• Stored data entries
=== Begin Enclosure ===

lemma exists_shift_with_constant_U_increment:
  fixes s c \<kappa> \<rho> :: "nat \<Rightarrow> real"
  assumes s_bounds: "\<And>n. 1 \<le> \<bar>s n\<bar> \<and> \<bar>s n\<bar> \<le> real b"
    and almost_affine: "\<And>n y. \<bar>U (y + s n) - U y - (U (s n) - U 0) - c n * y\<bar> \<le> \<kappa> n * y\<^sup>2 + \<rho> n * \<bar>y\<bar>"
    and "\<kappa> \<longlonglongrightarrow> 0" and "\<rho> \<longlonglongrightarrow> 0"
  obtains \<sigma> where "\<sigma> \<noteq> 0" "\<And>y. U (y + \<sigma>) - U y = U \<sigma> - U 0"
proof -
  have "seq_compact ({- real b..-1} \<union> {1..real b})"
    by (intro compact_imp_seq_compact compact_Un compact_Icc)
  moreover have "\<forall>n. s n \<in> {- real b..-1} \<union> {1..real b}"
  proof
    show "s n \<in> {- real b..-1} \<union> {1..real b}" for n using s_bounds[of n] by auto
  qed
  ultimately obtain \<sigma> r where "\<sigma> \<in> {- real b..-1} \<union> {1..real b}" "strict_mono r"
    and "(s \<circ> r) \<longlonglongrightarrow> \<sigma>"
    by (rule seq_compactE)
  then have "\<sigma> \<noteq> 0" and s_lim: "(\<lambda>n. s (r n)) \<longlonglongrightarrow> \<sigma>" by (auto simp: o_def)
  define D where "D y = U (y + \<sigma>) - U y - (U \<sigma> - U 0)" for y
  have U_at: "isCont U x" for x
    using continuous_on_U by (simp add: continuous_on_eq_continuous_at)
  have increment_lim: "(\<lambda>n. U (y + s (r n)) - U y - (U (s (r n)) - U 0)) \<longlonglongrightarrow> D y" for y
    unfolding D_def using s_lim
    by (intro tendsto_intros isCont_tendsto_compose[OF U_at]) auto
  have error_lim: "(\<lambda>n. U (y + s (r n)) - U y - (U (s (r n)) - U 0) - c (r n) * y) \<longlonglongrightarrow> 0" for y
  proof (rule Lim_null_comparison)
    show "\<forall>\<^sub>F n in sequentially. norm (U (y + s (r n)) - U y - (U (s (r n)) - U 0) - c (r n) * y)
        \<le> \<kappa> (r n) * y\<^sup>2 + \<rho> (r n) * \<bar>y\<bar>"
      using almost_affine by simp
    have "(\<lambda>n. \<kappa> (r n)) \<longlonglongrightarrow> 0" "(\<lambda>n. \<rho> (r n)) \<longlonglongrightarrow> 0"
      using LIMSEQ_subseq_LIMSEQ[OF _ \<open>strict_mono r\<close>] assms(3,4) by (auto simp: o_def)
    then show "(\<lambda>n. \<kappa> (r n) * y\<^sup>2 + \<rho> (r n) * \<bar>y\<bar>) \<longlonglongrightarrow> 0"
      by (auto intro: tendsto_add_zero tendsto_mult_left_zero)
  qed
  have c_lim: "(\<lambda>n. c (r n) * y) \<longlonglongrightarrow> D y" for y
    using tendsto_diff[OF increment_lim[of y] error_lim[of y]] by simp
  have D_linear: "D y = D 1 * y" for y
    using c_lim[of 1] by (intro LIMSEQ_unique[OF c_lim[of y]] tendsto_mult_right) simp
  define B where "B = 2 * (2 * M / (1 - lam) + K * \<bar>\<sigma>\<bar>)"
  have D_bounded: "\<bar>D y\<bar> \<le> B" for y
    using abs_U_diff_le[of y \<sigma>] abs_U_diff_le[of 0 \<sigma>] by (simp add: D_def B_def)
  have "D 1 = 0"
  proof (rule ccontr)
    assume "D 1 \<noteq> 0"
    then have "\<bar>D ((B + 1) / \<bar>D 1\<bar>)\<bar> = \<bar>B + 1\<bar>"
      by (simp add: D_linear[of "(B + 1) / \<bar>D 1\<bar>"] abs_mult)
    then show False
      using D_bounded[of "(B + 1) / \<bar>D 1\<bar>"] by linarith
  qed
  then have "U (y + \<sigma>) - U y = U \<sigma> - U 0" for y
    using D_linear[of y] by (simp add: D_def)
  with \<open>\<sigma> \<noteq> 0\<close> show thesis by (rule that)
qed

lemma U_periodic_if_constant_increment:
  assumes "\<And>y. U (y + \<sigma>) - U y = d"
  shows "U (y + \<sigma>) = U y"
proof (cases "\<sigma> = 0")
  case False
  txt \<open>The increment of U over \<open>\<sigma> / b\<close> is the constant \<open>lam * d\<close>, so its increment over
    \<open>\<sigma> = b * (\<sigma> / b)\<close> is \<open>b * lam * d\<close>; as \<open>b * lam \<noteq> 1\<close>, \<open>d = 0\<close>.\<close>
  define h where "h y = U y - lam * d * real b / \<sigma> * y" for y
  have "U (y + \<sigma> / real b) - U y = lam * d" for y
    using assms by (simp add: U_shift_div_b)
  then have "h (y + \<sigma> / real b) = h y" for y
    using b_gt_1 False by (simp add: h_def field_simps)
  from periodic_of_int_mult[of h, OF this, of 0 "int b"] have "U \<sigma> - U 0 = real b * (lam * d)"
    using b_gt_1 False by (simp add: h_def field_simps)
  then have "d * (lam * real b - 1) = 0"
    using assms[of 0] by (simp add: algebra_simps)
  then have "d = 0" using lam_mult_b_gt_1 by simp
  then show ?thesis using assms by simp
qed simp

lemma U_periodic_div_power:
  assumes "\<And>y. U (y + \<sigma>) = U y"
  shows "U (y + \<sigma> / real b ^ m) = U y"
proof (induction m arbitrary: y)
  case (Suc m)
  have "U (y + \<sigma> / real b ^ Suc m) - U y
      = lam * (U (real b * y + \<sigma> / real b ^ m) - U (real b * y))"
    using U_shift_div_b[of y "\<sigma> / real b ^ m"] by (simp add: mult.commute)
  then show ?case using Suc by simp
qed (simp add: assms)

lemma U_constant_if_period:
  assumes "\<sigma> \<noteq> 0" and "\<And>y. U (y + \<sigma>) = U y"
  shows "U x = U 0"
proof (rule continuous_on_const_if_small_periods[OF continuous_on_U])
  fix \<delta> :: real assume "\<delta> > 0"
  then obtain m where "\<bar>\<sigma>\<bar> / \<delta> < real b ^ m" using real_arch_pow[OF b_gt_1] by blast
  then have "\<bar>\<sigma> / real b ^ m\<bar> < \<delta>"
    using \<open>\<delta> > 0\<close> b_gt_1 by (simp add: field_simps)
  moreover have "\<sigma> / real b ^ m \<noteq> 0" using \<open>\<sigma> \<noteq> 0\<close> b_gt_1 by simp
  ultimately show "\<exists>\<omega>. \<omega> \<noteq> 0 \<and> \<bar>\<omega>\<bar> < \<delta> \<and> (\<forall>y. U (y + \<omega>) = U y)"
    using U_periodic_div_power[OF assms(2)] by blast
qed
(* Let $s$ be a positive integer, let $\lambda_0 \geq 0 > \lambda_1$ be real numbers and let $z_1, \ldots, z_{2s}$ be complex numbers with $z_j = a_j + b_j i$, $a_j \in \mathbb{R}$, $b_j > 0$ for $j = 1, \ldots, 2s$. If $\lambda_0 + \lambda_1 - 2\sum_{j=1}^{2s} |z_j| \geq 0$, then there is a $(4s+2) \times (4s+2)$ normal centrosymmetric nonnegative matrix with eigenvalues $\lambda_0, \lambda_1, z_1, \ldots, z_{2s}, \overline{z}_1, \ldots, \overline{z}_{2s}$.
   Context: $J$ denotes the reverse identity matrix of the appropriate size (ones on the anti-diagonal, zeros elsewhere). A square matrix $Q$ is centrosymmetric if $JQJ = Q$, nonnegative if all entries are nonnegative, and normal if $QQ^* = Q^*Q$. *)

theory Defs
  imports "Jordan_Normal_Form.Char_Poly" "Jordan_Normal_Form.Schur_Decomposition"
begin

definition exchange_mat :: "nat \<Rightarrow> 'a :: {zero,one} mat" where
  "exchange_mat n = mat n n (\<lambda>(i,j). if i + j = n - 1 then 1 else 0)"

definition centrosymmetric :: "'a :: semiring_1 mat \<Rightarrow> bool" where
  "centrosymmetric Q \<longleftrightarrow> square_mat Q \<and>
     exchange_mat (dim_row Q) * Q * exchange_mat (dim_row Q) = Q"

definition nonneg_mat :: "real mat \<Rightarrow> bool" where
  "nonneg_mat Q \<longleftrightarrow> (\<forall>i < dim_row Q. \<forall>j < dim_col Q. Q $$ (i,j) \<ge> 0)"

=== End Enclosure ===

• Task to complete
The reply should consist solely of the lines above from the one that has "by (simp add: D_linear[of" through the one that has "txt \<open>The increment", reproduced exactly.

• Task response
      by (simp add: D_linear[of "(B + 1) / \<bar>D 1\<bar>"] abs_mult)
    then show False
      using D_bounded[of "(B + 1) / \<bar>D 1\<bar>"] by linarith
  qed
  then have "U (y + \<sigma>) - U y = U \<sigma> - U 0" for y
    using D_linear[of y] by (simp add: D_def)
  with \<open>\<sigma> \<noteq> 0\<close> show thesis by (rule that)
qed

lemma U_periodic_if_constant_increment:
  assumes "\<And>y. U (y + \<sigma>) - U y = d"
  shows "U (y + \<sigma>) = U y"
proof (cases "\<sigma> = 0")
  case False
  txt \<open>The increment of U over \<open>\<sigma> / b\<close> is the constant \<open>lam * d\<close>, so its increment over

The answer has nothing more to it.